## Collected data entries
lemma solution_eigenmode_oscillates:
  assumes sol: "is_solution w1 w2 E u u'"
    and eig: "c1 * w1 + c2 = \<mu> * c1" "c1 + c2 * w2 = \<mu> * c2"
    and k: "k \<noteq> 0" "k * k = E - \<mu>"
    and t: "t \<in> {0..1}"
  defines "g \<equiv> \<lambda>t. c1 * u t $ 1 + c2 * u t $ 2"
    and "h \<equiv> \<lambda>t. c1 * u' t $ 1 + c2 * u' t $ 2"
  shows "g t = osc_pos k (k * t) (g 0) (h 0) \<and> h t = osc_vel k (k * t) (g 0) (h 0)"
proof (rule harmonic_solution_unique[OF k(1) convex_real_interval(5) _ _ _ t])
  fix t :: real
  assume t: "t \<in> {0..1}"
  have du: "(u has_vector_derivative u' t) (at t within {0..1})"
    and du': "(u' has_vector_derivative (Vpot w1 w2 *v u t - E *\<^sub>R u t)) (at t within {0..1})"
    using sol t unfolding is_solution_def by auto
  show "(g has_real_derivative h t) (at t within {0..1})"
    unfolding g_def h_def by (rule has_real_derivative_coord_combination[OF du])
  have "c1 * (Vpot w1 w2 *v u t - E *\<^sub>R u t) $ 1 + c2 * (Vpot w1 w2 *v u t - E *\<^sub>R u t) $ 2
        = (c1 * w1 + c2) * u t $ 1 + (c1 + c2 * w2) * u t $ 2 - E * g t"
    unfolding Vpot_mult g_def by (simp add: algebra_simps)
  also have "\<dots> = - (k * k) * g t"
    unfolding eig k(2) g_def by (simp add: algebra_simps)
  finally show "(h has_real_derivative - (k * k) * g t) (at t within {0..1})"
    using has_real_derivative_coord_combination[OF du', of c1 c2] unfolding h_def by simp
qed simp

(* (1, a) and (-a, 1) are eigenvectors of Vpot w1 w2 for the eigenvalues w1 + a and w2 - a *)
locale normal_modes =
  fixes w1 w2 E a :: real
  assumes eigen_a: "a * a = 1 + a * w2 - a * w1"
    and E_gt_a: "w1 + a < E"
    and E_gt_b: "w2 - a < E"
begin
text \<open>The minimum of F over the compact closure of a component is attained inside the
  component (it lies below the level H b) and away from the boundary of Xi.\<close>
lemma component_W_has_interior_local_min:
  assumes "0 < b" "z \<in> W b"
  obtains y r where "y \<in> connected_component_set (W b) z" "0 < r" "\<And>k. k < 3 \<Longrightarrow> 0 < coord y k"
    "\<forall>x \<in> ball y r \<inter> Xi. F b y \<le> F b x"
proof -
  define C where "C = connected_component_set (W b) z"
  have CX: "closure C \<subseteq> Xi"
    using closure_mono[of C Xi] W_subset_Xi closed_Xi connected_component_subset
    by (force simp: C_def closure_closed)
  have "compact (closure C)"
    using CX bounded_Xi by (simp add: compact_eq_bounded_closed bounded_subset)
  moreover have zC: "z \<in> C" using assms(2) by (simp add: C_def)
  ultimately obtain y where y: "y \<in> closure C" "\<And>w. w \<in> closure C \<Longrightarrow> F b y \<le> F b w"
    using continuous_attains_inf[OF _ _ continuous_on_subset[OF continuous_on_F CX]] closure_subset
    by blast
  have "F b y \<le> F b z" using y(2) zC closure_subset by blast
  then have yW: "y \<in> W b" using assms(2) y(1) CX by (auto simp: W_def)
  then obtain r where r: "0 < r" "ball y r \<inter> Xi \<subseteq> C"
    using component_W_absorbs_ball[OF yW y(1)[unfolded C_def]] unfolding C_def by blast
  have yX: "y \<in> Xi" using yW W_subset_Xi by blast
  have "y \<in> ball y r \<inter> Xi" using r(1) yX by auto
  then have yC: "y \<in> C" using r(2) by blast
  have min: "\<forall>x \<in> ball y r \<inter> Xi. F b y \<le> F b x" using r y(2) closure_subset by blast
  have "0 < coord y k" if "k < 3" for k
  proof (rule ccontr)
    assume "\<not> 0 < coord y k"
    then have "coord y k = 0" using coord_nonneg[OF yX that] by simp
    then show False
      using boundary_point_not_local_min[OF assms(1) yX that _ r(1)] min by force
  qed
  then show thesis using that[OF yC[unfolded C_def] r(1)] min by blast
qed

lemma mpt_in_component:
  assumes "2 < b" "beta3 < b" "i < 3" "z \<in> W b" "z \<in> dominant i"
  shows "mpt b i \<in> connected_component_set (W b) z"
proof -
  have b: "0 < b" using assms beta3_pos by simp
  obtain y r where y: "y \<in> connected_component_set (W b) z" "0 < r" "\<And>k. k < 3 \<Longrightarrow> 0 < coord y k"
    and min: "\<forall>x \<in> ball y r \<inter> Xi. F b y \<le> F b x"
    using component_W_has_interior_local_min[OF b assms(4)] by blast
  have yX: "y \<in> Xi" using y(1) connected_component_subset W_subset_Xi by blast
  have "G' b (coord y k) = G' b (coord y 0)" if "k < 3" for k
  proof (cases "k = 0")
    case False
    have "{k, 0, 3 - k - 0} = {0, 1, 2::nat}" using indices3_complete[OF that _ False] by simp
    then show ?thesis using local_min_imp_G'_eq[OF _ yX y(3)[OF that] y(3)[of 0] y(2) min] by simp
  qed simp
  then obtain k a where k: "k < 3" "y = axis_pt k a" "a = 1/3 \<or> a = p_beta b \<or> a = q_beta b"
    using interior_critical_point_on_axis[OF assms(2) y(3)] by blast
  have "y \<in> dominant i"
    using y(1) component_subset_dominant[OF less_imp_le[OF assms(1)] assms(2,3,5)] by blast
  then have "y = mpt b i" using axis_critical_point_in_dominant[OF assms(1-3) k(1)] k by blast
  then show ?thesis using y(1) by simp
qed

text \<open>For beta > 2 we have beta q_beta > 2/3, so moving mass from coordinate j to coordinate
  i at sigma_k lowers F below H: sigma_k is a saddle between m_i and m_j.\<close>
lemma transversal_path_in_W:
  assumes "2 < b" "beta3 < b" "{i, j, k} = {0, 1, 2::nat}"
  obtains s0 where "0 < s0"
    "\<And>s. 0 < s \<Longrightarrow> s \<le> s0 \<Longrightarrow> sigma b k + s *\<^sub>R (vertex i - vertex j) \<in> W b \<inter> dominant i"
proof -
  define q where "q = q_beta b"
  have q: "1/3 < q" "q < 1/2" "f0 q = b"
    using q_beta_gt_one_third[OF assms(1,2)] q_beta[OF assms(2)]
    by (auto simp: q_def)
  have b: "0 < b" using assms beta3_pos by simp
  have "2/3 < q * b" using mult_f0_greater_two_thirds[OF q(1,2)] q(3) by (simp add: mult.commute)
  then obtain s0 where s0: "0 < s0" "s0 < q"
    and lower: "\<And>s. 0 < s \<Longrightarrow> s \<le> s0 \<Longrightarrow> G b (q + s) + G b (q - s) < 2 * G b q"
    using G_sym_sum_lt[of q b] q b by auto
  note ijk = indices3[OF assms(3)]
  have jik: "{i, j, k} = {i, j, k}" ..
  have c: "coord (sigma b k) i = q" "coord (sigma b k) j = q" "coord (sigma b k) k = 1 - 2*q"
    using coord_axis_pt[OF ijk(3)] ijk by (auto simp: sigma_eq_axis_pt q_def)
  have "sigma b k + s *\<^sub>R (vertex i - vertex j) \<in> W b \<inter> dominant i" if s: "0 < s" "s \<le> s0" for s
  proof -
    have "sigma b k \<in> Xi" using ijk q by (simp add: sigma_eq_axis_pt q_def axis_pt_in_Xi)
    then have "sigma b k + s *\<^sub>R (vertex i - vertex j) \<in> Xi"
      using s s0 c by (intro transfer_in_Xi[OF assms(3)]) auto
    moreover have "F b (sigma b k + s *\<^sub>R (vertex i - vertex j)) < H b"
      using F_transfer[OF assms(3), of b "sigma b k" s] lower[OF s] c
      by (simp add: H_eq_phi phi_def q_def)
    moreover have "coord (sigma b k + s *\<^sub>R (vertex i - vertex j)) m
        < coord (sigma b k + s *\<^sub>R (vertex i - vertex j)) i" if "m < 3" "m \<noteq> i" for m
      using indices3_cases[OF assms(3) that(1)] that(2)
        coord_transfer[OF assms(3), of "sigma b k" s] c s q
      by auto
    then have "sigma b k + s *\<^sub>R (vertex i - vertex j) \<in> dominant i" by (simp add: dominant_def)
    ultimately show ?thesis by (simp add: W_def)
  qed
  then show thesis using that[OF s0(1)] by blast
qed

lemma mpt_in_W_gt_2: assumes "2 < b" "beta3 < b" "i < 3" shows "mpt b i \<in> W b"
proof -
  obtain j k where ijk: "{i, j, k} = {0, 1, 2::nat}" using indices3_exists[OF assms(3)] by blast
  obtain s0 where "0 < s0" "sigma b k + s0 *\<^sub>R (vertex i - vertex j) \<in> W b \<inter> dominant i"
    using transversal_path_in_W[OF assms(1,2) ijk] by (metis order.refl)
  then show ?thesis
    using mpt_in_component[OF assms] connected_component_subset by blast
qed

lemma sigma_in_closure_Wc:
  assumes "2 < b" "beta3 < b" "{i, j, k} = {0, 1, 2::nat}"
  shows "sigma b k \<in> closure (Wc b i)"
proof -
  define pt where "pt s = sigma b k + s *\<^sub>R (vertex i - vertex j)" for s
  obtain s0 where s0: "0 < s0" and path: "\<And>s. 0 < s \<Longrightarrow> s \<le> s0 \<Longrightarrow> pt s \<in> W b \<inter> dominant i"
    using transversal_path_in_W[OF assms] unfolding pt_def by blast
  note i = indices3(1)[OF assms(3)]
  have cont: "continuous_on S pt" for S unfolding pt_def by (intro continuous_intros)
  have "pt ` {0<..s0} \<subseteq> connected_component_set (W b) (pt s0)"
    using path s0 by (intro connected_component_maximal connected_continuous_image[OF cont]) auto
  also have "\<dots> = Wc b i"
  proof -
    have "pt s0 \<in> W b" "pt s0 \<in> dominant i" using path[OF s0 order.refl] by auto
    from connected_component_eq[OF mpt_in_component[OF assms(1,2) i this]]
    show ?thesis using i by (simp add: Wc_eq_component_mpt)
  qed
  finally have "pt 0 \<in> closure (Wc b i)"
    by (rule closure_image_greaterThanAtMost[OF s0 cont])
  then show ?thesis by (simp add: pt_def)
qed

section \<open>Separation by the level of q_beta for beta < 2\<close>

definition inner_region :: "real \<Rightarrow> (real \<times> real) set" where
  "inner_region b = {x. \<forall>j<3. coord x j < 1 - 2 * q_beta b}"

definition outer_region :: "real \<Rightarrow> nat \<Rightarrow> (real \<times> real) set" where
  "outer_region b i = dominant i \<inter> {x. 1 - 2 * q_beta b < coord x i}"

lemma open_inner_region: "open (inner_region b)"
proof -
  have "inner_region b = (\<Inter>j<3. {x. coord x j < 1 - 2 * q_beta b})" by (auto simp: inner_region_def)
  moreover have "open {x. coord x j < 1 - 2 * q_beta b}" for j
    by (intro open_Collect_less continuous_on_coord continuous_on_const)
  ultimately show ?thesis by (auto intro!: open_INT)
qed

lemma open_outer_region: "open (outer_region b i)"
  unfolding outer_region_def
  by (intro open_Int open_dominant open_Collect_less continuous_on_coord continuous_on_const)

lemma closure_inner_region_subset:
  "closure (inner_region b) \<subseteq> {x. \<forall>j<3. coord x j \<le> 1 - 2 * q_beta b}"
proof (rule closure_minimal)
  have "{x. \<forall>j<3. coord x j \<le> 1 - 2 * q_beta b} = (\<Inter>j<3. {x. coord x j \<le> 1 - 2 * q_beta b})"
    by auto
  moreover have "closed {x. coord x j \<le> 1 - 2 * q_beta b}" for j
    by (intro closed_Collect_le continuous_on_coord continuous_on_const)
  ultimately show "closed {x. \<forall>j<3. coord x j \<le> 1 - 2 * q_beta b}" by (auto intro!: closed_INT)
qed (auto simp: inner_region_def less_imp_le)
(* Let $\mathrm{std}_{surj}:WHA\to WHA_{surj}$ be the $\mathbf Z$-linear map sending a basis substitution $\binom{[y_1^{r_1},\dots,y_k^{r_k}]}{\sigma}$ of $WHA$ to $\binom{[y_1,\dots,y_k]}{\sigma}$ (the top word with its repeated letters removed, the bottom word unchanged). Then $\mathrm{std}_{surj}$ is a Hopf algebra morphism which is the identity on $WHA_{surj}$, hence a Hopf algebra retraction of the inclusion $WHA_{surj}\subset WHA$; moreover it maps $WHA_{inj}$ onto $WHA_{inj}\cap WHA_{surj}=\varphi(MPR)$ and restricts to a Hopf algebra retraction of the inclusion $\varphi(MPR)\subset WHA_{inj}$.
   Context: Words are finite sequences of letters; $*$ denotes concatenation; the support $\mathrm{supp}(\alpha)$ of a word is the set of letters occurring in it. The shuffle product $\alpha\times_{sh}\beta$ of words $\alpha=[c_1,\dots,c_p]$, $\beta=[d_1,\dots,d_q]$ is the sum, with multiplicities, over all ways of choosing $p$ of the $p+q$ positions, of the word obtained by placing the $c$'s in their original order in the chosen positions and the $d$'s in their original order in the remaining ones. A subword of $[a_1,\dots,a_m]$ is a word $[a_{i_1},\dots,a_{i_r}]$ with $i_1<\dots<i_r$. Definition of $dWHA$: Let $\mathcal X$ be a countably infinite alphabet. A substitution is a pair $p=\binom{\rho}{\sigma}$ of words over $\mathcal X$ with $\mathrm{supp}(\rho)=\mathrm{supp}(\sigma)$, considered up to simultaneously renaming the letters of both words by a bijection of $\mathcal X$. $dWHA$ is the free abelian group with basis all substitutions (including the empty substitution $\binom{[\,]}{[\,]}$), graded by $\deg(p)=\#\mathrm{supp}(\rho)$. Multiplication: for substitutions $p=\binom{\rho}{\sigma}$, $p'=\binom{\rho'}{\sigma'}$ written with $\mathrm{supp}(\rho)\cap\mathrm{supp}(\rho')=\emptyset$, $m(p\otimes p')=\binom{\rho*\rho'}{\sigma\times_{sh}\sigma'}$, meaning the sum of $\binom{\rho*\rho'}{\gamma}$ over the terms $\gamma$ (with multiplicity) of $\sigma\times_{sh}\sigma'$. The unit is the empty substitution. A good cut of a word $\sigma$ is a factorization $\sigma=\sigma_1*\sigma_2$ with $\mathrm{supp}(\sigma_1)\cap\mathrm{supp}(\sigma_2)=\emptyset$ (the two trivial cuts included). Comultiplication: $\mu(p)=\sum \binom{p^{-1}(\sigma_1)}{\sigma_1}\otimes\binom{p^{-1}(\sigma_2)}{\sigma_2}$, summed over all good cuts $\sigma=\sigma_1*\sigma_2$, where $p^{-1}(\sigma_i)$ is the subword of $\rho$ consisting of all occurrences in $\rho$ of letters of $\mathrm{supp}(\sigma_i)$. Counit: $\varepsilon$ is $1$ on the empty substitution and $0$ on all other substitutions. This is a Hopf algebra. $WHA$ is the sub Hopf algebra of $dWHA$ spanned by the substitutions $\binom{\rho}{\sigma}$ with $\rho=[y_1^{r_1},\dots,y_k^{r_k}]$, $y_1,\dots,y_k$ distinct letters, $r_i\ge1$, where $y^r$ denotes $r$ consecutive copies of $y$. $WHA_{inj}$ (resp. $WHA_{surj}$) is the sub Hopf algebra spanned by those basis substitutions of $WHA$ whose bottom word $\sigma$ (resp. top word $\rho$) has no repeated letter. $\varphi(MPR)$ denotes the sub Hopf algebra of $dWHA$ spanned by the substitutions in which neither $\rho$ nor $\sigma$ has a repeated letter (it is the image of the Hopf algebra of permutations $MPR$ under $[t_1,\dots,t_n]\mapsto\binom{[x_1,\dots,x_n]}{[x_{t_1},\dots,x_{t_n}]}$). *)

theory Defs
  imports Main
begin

## Exercise details
Whenever a line in the preceding entries includes the word "below", count it, and state the total alone.

## Answer for this exercise
2